A sure-fire way to determine the name of the dynamic linker is to
inspect a random binary from the host system by running:
<userinput>readelf -l <name of binary> | grep interpreter</userinput>
and noting the output. The authoritative reference covering all platforms
is in the <filename>shlib-versions</filename> file in the root of the Glibc
source tree.</para>
</important>
<para>Some key technical points of how the <xref
linkend="chapter-temporary-tools"/> build method works:</para>
<itemizedlist>
<listitem>
<para>The process is similar in principle to cross-compiling, whereby
tools installed in the same prefix work in cooperation, and thus utilize
a little GNU <quote>magic</quote></para>
</listitem>
<listitem>
<para>Careful manipulation of the standard linker's library search path
ensures programs are linked only against chosen libraries</para>
</listitem>
<listitem>
<para>Careful manipulation of <command>gcc</command>'s
<filename>specs</filename> file tells the compiler which target dynamic
linker will be used</para>
</listitem>
</itemizedlist>
<para>Binutils is installed first because the <command>configure</command>
runs of both GCC and Glibc perform various feature tests on the assembler
and linker to determine which software features to enable or disable. This
is more important than one might first realize. An incorrectly configured
GCC or Glibc can result in a subtly broken toolchain, where the impact of
such breakage might not show up until near the end of the build of an
entire distribution. A test suite failure will usually highlight this error
before too much additional work is performed.</para>
<para>Binutils installs its assembler and linker in two locations,
<filename class="directory">/tools/bin</filename> and <filename
class="directory">/tools/$TARGET_TRIPLET/bin</filename>. The tools in one
location are hard linked to the other. An important facet of the linker is
its library search order. Detailed information can be obtained from
<command>ld</command> by passing it the <parameter>--verbose</parameter>
flag. For example, an <userinput>ld --verbose | grep SEARCH</userinput>
will illustrate the current search paths and their order. It shows which
files are linked by <command>ld</command> by compiling a dummy program and
passing the <parameter>--verbose</parameter> switch to the linker. For example,
<userinput>gcc dummy.c -Wl,--verbose 2>&1 | grep succeeded</userinput>
will show all the files successfully opened during the linking.</para>
<para>The next package installed is GCC. An example of what can be
seen during its run of <command>configure</command> is:</para>
<screen><computeroutput>checking what assembler to use...

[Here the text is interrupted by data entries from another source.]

(* Let $\mathcal{AP}=\langle \Pi, E, \mathit{Hyp}, \mathit{Obs}\rangle$ be a Datalog abduction problem with $E\cap\mathit{Hyp}=\emptyset$. Define the instance $D=D^x\cup D^n$ with exogenous tuples $D^x:=E$ and endogenous tuples $D^n:=\mathit{Hyp}$, and the boolean Datalog query $\Pi':=\Pi\cup\{\mathit{ans}\leftarrow \mathit{Obs}\}$, where $\mathit{ans}$ is a fresh propositional atom. Then a hypothesis $h$ is relevant for $\mathcal{AP}$ (i.e. $h\in\mathit{Rel}(\mathcal{AP})$) if and only if $h$ is an actual cause for $\mathit{ans}$ with respect to $\Pi'$ and $D$.
   Context: A Datalog abduction problem $\langle\Pi,E,\mathit{Hyp},\mathit{Obs}\rangle$ consists of a finite set $\Pi$ of positive Datalog rules, a finite set $E$ of ground atoms whose predicates do not occur in rule heads, a finite set $\mathit{Hyp}$ of ground atoms (hypotheses) whose predicates do not occur in rule heads, and a finite conjunction $\mathit{Obs}$ of ground atoms, with $\Pi\cup E\cup\mathit{Hyp}\models\mathit{Obs}$ ($\models$ meaning membership in the minimal model). An abductive diagnosis is a subset-minimal $\Delta\subseteq\mathit{Hyp}$ with $\Pi\cup E\cup\Delta\models\mathit{Obs}$; $\mathit{Rel}(\mathcal{AP})$ is the set of hypotheses in some abductive diagnosis. A tuple $\tau\in D^n$ is an actual cause for $\mathit{ans}$ w.r.t. $\Pi'$ and $D$ if there is $\Gamma\subseteq D^n$ with $\Pi'\cup(D\smallsetminus\Gamma)\models\mathit{ans}$ and $\Pi'\cup(D\smallsetminus(\Gamma\cup\{\tau\}))\not\models\mathit{ans}$. *)

theory Defs
  imports Main
begin

datatype ('v, 'c) dterm = Var 'v | Const 'c

datatype ('p, 'v, 'c) atom = Atom 'p "('v, 'c) dterm list"
datatype ('p, 'c) gatom = GAtom 'p "'c list"

datatype ('p, 'v, 'c) rule = Rule "('p, 'v, 'c) atom" "('p, 'v, 'c) atom list"

fun apred :: "('p, 'v, 'c) atom \<Rightarrow> 'p" where
  "apred (Atom p ts) = p"

fun gpred :: "('p, 'c) gatom \<Rightarrow> 'p" where
  "gpred (GAtom p cs) = p"

fun head :: "('p, 'v, 'c) rule \<Rightarrow> ('p, 'v, 'c) atom" where
  "head (Rule h b) = h"

fun body :: "('p, 'v, 'c) rule \<Rightarrow> ('p, 'v, 'c) atom list" where
  "body (Rule h b) = b"

fun tvars :: "('v, 'c) dterm \<Rightarrow> 'v set" where
  "tvars (Var v) = {v}"
| "tvars (Const c) = {}"

fun avars :: "('p, 'v, 'c) atom \<Rightarrow> 'v set" where
  "avars (Atom p ts) = (\<Union>t\<in>set ts. tvars t)"

definition safe_rule :: "('p, 'v, 'c) rule \<Rightarrow> bool" where
  "safe_rule r \<longleftrightarrow> avars (head r) \<subseteq> (\<Union>a\<in>set (body r). avars a)"

definition rule_preds :: "('p, 'v, 'c) rule \<Rightarrow> 'p set" where
  "rule_preds r = insert (apred (head r)) (apred ` set (body r))"

definition head_preds :: "('p, 'v, 'c) rule set \<Rightarrow> 'p set" where
  "head_preds \<Pi> = (apred \<circ> head) ` \<Pi>"

fun tinst :: "('v \<Rightarrow> 'c) \<Rightarrow> ('v, 'c) dterm \<Rightarrow> 'c" where
  "tinst \<sigma> (Var v) = \<sigma> v"
| "tinst \<sigma> (Const c) = c"

fun ainst :: "('v \<Rightarrow> 'c) \<Rightarrow> ('p, 'v, 'c) atom \<Rightarrow> ('p, 'c) gatom" where
  "ainst \<sigma> (Atom p ts) = GAtom p (map (tinst \<sigma>) ts)"

fun of_gatom :: "('p, 'c) gatom \<Rightarrow> ('p, 'v, 'c) atom" where
  "of_gatom (GAtom p cs) = Atom p (map Const cs)"

inductive_set minmodel :: "('p, 'v, 'c) rule set \<Rightarrow> ('p, 'c) gatom set \<Rightarrow> ('p, 'c) gatom set"
  for \<Pi> F where
  fact: "a \<in> F \<Longrightarrow> a \<in> minmodel \<Pi> F"
| rule: "\<lbrakk> r \<in> \<Pi>; \<forall>b\<in>set (body r). ainst \<sigma> b \<in> minmodel \<Pi> F \<rbrakk>
          \<Longrightarrow> ainst \<sigma> (head r) \<in> minmodel \<Pi> F"

definition entails :: "('p, 'v, 'c) rule set \<Rightarrow> ('p, 'c) gatom set \<Rightarrow> ('p, 'c) gatom \<Rightarrow> bool" where
  "entails \<Pi> F a \<longleftrightarrow> a \<in> minmodel \<Pi> F"

definition entails_all :: "('p, 'v, 'c) rule set \<Rightarrow> ('p, 'c) gatom set \<Rightarrow> ('p, 'c) gatom list \<Rightarrow> bool" where
  "entails_all \<Pi> F obs \<longleftrightarrow> (\<forall>a\<in>set obs. entails \<Pi> F a)"

definition abduction_problem ::
  "('p, 'v, 'c) rule set \<Rightarrow> ('p, 'c) gatom set \<Rightarrow> ('p, 'c) gatom set \<Rightarrow> ('p, 'c) gatom list \<Rightarrow> bool" where
  "abduction_problem \<Pi> E Hyp Obs \<longleftrightarrow>
     finite \<Pi> \<and> (\<forall>r\<in>\<Pi>. safe_rule r) \<and> finite E \<and> finite Hyp \<and>
     gpred ` E \<inter> head_preds \<Pi> = {} \<and> gpred ` Hyp \<inter> head_preds \<Pi> = {} \<and>
     entails_all \<Pi> (E \<union> Hyp) Obs"

definition abductive_diagnosis ::
  "('p, 'v, 'c) rule set \<Rightarrow> ('p, 'c) gatom set \<Rightarrow> ('p, 'c) gatom set \<Rightarrow> ('p, 'c) gatom list
   \<Rightarrow> ('p, 'c) gatom set \<Rightarrow> bool" where
  "abductive_diagnosis \<Pi> E Hyp Obs \<Delta> \<longleftrightarrow>
     \<Delta> \<subseteq> Hyp \<and> entails_all \<Pi> (E \<union> \<Delta>) Obs \<and>
     (\<forall>\<Delta>'. \<Delta>' \<subset> \<Delta> \<longrightarrow> \<not> entails_all \<Pi> (E \<union> \<Delta>') Obs)"

definition Rel ::
  "('p, 'v, 'c) rule set \<Rightarrow> ('p, 'c) gatom set \<Rightarrow> ('p, 'c) gatom set \<Rightarrow> ('p, 'c) gatom list
   \<Rightarrow> ('p, 'c) gatom set" where
  "Rel \<Pi> E Hyp Obs = {h. \<exists>\<Delta>. abductive_diagnosis \<Pi> E Hyp Obs \<Delta> \<and> h \<in> \<Delta>}"

definition actual_cause ::
  "('p, 'v, 'c) rule set \<Rightarrow> ('p, 'c) gatom set \<Rightarrow> ('p, 'c) gatom set \<Rightarrow> ('p, 'c) gatom
   \<Rightarrow> ('p, 'c) gatom \<Rightarrow> bool" where
  "actual_cause \<Pi>' Dx Dn ans \<tau> \<longleftrightarrow>
     \<tau> \<in> Dn \<and>
     (\<exists>\<Gamma>. \<Gamma> \<subseteq> Dn \<and> entails \<Pi>' ((Dx \<union> Dn) - \<Gamma>) ans \<and>
           \<not> entails \<Pi>' ((Dx \<union> Dn) - (\<Gamma> \<union> {\<tau>})) ans)"

definition ans_rule :: "'p \<Rightarrow> ('p, 'c) gatom list \<Rightarrow> ('p, 'v, 'c) rule" where
  "ans_rule ansp Obs = Rule (Atom ansp []) (map of_gatom Obs)"

end

theory Submission
  imports Defs
begin

text \<open>Since the fresh atom ans is derivable from a set of facts exactly when all observations
  are, the actual-cause condition for h becomes: some set F = Hyp - \<Gamma> of hypotheses explains
  Obs while F - {h} does not. For a monotone property of finitely many hypotheses this holds
  iff h lies in a minimal explaining set: shrink F to a minimal explanation, which must
  contain h; conversely a minimal \<Delta> \<ni> h is itself such an F.\<close>

lemma minmodel_mono:
  assumes "P \<subseteq> Q" "F \<subseteq> G"
  shows "minmodel P F \<subseteq> minmodel Q G"
proof
  fix a assume "a \<in> minmodel P F"
  then show "a \<in> minmodel Q G"
    by induction (use assms in \<open>auto intro: minmodel.intros\<close>)
qed

lemma entails_all_mono:
  "entails_all P F Obs \<Longrightarrow> F \<subseteq> G \<Longrightarrow> entails_all P G Obs"
  using minmodel_mono[of P P F G] by (auto simp: entails_all_def entails_def)

lemma ainst_of_gatom [simp]: "ainst \<sigma> (of_gatom g) = g"
  by (cases g) (simp add: comp_def)

lemma gpred_ainst [simp]: "gpred (ainst \<sigma> a) = apred a"
  by (cases a) simp

lemma minmodel_insert_ans_rule_cases:
  assumes "a \<in> minmodel (insert (ans_rule ansp Obs) P) F"
    and fresh_rules: "\<forall>r\<in>P. ansp \<notin> rule_preds r"
    and fresh_F: "ansp \<notin> gpred ` F"
    and fresh_Obs: "ansp \<notin> gpred ` set Obs"
  shows "(a \<in> minmodel P F \<and> gpred a \<noteq> ansp) \<or> (a = GAtom ansp [] \<and> entails_all P F Obs)"
  using assms(1)
proof induction
  case (fact a)
  then show ?case using fresh_F by (auto intro: minmodel.fact)
next
  case (rule r \<sigma>)
  show ?case
  proof (cases "r = ans_rule ansp Obs")
    case True
    have "g \<in> minmodel P F" if g: "g \<in> set Obs" for g
    proof -
      have "gpred g \<noteq> ansp" using g fresh_Obs by blast
      moreover have "of_gatom g \<in> set (body r)" using True g by (simp add: ans_rule_def)
      ultimately show ?thesis using rule.IH by fastforce
    qed
    then show ?thesis using True by (simp add: ans_rule_def entails_all_def entails_def)
  next
    case False
    then have "r \<in> P" using rule.hyps by simp
    then have fresh_r: "ansp \<notin> rule_preds r" using fresh_rules by blast
    have "ainst \<sigma> b \<in> minmodel P F" if b: "b \<in> set (body r)" for b
    proof -
      have "gpred (ainst \<sigma> b) \<noteq> ansp" using b fresh_r by (auto simp: rule_preds_def)
      moreover have "ainst \<sigma> b \<in> minmodel P F \<or> ainst \<sigma> b = GAtom ansp []"
        using b rule.IH by blast
      ultimately show ?thesis by (metis gpred.simps)
    qed
    then have "ainst \<sigma> (head r) \<in> minmodel P F" using \<open>r \<in> P\<close> by (blast intro: minmodel.rule)
    then show ?thesis using fresh_r by (auto simp: rule_preds_def)
  qed
qed

lemma entails_ans_rule_iff:
  fixes P :: "('p, 'v, 'c) rule set"
  assumes fresh_rules: "\<forall>r\<in>P. ansp \<notin> rule_preds r"
    and fresh_F: "ansp \<notin> gpred ` F"
    and fresh_Obs: "ansp \<notin> gpred ` set Obs"
  shows "entails (insert (ans_rule ansp Obs) P) F (GAtom ansp []) \<longleftrightarrow> entails_all P F Obs"
proof
  assume "entails (insert (ans_rule ansp Obs) P) F (GAtom ansp [])"
  then show "entails_all P F Obs"
    using minmodel_insert_ans_rule_cases[OF _ assms] by (fastforce simp: entails_def)
next
  let ?P' = "insert (ans_rule ansp Obs :: ('p, 'v, 'c) rule) P"
  assume "entails_all P F Obs"
  \<comment> \<open>ans_rule is ground, so any substitution instantiates it\<close>
  then have "\<forall>b\<in>set (body (ans_rule ansp Obs :: ('p, 'v, 'c) rule)).
      ainst (\<lambda>_. undefined) b \<in> minmodel ?P' F"
    using minmodel_mono[of P ?P' F F] by (auto simp: ans_rule_def entails_all_def entails_def)
  then have "ainst (\<lambda>_. undefined) (head (ans_rule ansp Obs :: ('p, 'v, 'c) rule)) \<in> minmodel ?P' F"
    by (blast intro: minmodel.rule)
  then show "entails ?P' F (GAtom ansp [])"
    by (simp add: ans_rule_def entails_def)
qed

lemma in_minimal_set_iff_critical:
  assumes "finite H"
    and mono: "\<And>A B. A \<subseteq> B \<Longrightarrow> Q A \<Longrightarrow> Q B"
  shows "(\<exists>\<Delta>\<subseteq>H. Q \<Delta> \<and> (\<forall>\<Delta>'. \<Delta>' \<subset> \<Delta> \<longrightarrow> \<not> Q \<Delta>') \<and> h \<in> \<Delta>) \<longleftrightarrow>
         (\<exists>\<Gamma>\<subseteq>H. Q (H - \<Gamma>) \<and> \<not> Q (H - \<Gamma> - {h}))"
proof
  assume "\<exists>\<Delta>\<subseteq>H. Q \<Delta> \<and> (\<forall>\<Delta>'. \<Delta>' \<subset> \<Delta> \<longrightarrow> \<not> Q \<Delta>') \<and> h \<in> \<Delta>"
  then obtain \<Delta> where "\<Delta> \<subseteq> H" "Q \<Delta>" "\<not> Q (\<Delta> - {h})" by blast
  moreover have "H - (H - \<Delta>) = \<Delta>" using \<open>\<Delta> \<subseteq> H\<close> by blast
  ultimately show "\<exists>\<Gamma>\<subseteq>H. Q (H - \<Gamma>) \<and> \<not> Q (H - \<Gamma> - {h})"
    by (intro exI[of _ "H - \<Delta>"]) auto
next
  assume "\<exists>\<Gamma>\<subseteq>H. Q (H - \<Gamma>) \<and> \<not> Q (H - \<Gamma> - {h})"
  then obtain F where F: "F \<subseteq> H" "Q F" "\<not> Q (F - {h})" by blast
  have "finite {D. D \<subseteq> F \<and> Q D}" using F(1) \<open>finite H\<close> by (simp add: finite_subset)
  then obtain \<Delta> where \<Delta>: "\<Delta> \<subseteq> F" "Q \<Delta>" and min: "\<forall>D. D \<subseteq> \<Delta> \<longrightarrow> Q D \<longrightarrow> \<Delta> = D"
    using finite_has_minimal2[of "{D. D \<subseteq> F \<and> Q D}" F] F(2) by auto
  have "h \<in> \<Delta>"
  proof (rule ccontr)
    assume "h \<notin> \<Delta>"
    then have "\<Delta> \<subseteq> F - {h}" using \<Delta>(1) by blast
    then show False using mono \<Delta>(2) F(3) by blast
  qed
  moreover have "\<forall>\<Delta>'. \<Delta>' \<subset> \<Delta> \<longrightarrow> \<not> Q \<Delta>'"
    using min by auto
  moreover have "\<Delta> \<subseteq> H" using \<Delta>(1) F(1) by (rule subset_trans)
  ultimately show "\<exists>\<Delta>\<subseteq>H. Q \<Delta> \<and> (\<forall>\<Delta>'. \<Delta>' \<subset> \<Delta> \<longrightarrow> \<not> Q \<Delta>') \<and> h \<in> \<Delta>"
    using \<Delta>(2) by blast
qed

lemma actual_cause_ans_rule_iff:
  fixes \<Pi> :: "('p, 'v, 'c) rule set"
  assumes disj: "E \<inter> Hyp = {}"
    and fresh_rules: "\<forall>r\<in>\<Pi>. ansp \<notin> rule_preds r"
    and fresh_E: "ansp \<notin> gpred ` E"
    and fresh_Hyp: "ansp \<notin> gpred ` Hyp"
    and fresh_Obs: "ansp \<notin> gpred ` set Obs"
  shows "actual_cause (insert (ans_rule ansp Obs) \<Pi>) E Hyp (GAtom ansp []) h \<longleftrightarrow>
         h \<in> Hyp \<and> (\<exists>\<Gamma>\<subseteq>Hyp. entails_all \<Pi> (E \<union> (Hyp - \<Gamma>)) Obs \<and>
                            \<not> entails_all \<Pi> (E \<union> (Hyp - \<Gamma> - {h})) Obs)"
proof -
  have removal: "entails (insert (ans_rule ansp Obs) \<Pi>) ((E \<union> Hyp) - X) (GAtom ansp [])
                   \<longleftrightarrow> entails_all \<Pi> (E \<union> (Hyp - X)) Obs" if "X \<subseteq> Hyp" for X
  proof -
    have "(E \<union> Hyp) - X = E \<union> (Hyp - X)" using that disj by blast
    moreover have "ansp \<notin> gpred ` (E \<union> (Hyp - X))" using fresh_E fresh_Hyp by blast
    ultimately show ?thesis using entails_ans_rule_iff[OF fresh_rules _ fresh_Obs] by simp
  qed
  have removal_h: "entails (insert (ans_rule ansp Obs) \<Pi>) ((E \<union> Hyp) - (\<Gamma> \<union> {h})) (GAtom ansp [])
                     \<longleftrightarrow> entails_all \<Pi> (E \<union> (Hyp - \<Gamma> - {h})) Obs" if "\<Gamma> \<subseteq> Hyp" "h \<in> Hyp" for \<Gamma>
  proof -
    have "Hyp - (\<Gamma> \<union> {h}) = Hyp - \<Gamma> - {h}" by blast
    then show ?thesis using removal[of "\<Gamma> \<union> {h}"] that by simp
  qed
  show ?thesis
    unfolding actual_cause_def using removal removal_h by blast
qed

theorem proposition4:
  fixes \<Pi> :: "('p, 'v, 'c) rule set"
    and E Hyp :: "('p, 'c) gatom set"
    and Obs :: "('p, 'c) gatom list"
    and ansp :: 'p
    and h :: "('p, 'c) gatom"
  assumes AP: "abduction_problem \<Pi> E Hyp Obs"
    and disj: "E \<inter> Hyp = {}"
    and fresh_rules: "\<forall>r\<in>\<Pi>. ansp \<notin> rule_preds r"
    and fresh_E: "ansp \<notin> gpred ` E"
    and fresh_Hyp: "ansp \<notin> gpred ` Hyp"
    and fresh_Obs: "ansp \<notin> gpred ` set Obs"
    and hyp: "h \<in> Hyp"
  shows "h \<in> Rel \<Pi> E Hyp Obs \<longleftrightarrow>
         actual_cause (insert (ans_rule ansp Obs) \<Pi>) E Hyp (GAtom ansp []) h"
proof -
  let ?explains = "\<lambda>\<Delta>. entails_all \<Pi> (E \<union> \<Delta>) Obs"
  have "finite Hyp" using AP by (simp add: abduction_problem_def)
  moreover have "\<And>A B. A \<subseteq> B \<Longrightarrow> ?explains A \<Longrightarrow> ?explains B"
    by (erule entails_all_mono) blast
  ultimately have "h \<in> Rel \<Pi> E Hyp Obs \<longleftrightarrow>
      (\<exists>\<Gamma>\<subseteq>Hyp. ?explains (Hyp - \<Gamma>) \<and> \<not> ?explains (Hyp - \<Gamma> - {h}))"
    unfolding Rel_def abductive_diagnosis_def
    using in_minimal_set_iff_critical[of Hyp ?explains h] by blast
  also have "\<dots> \<longleftrightarrow> actual_cause (insert (ans_rule ansp Obs) \<Pi>) E Hyp (GAtom ansp []) h"
    using actual_cause_ans_rule_iff[OF disj fresh_rules fresh_E fresh_Hyp fresh_Obs] hyp by blast
  finally show ?thesis .
qed

end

/tools/i686-pc-linux-gnu/bin/as
checking what linker to use... /tools/i686-pc-linux-gnu/bin/ld</computeroutput></screen>
<para>This is important for the reasons mentioned above. It also demonstrates
that GCC's configure script does not search the PATH directories to find which
tools to use. However, during the actual operation of <command>gcc</command>
itself, the same search paths are not necessarily used. To find out which
standard linker <command>gcc</command> will use, run:
<userinput>gcc -print-prog-name=ld</userinput>.</para>
<para>Detailed information can be obtained from <command>gcc</command> by
passing it the <parameter>-v</parameter> command line option while compiling
a dummy program. For example, <userinput>gcc -v dummy.c</userinput> will show
detailed information about the preprocessor, compilation, and assembly stages,
including <command>gcc</command>'s included search paths and their order.</para>
<para>The next package installed is Glibc. The most important considerations
for building Glibc are the compiler, binary tools, and kernel headers. The
compiler is generally not an issue since Glibc will always use the
<command>gcc</command> found in a <envar>PATH</envar> directory. The binary
tools and kernel headers can be a bit more complicated. Therefore, take no
risks and use the available configure switches to enforce the correct
selections. After the run of <command>configure</command>, check the contents
of the <filename>config.make</filename> file in the <filename
class="directory">glibc-build</filename> directory for all important details.
Note the use of <parameter>CC="gcc -B/tools/bin/"</parameter> to control which
binary tools are used and the use of the <parameter>-nostdinc</parameter>
and <parameter>-isystem</parameter> flags to control the compiler's include
search path. These items highlight an important aspect of the Glibc
package—it is very self-sufficient in terms of its build machinery and
generally does not rely on toolchain defaults.</para>
<para>After the Glibc installation, make some adjustments to ensure that
searching and linking take place only within the <filename
class="directory">/tools</filename> prefix. Install an adjusted
<command>ld</command>, which has a hard-wired search path limited to
<filename class="directory">/tools/lib</filename>. Then amend
<command>gcc</command>'s specs file to point to the new dynamic linker in
<filename class="directory">/tools/lib</filename>. This last step is vital
to the whole process. As mentioned above, a hard-wired path to a dynamic
linker is embedded into every Executable and Link Format (ELF)-shared
executable. This can be inspected by running:
<userinput>readelf -l <name of binary> | grep interpreter</userinput>.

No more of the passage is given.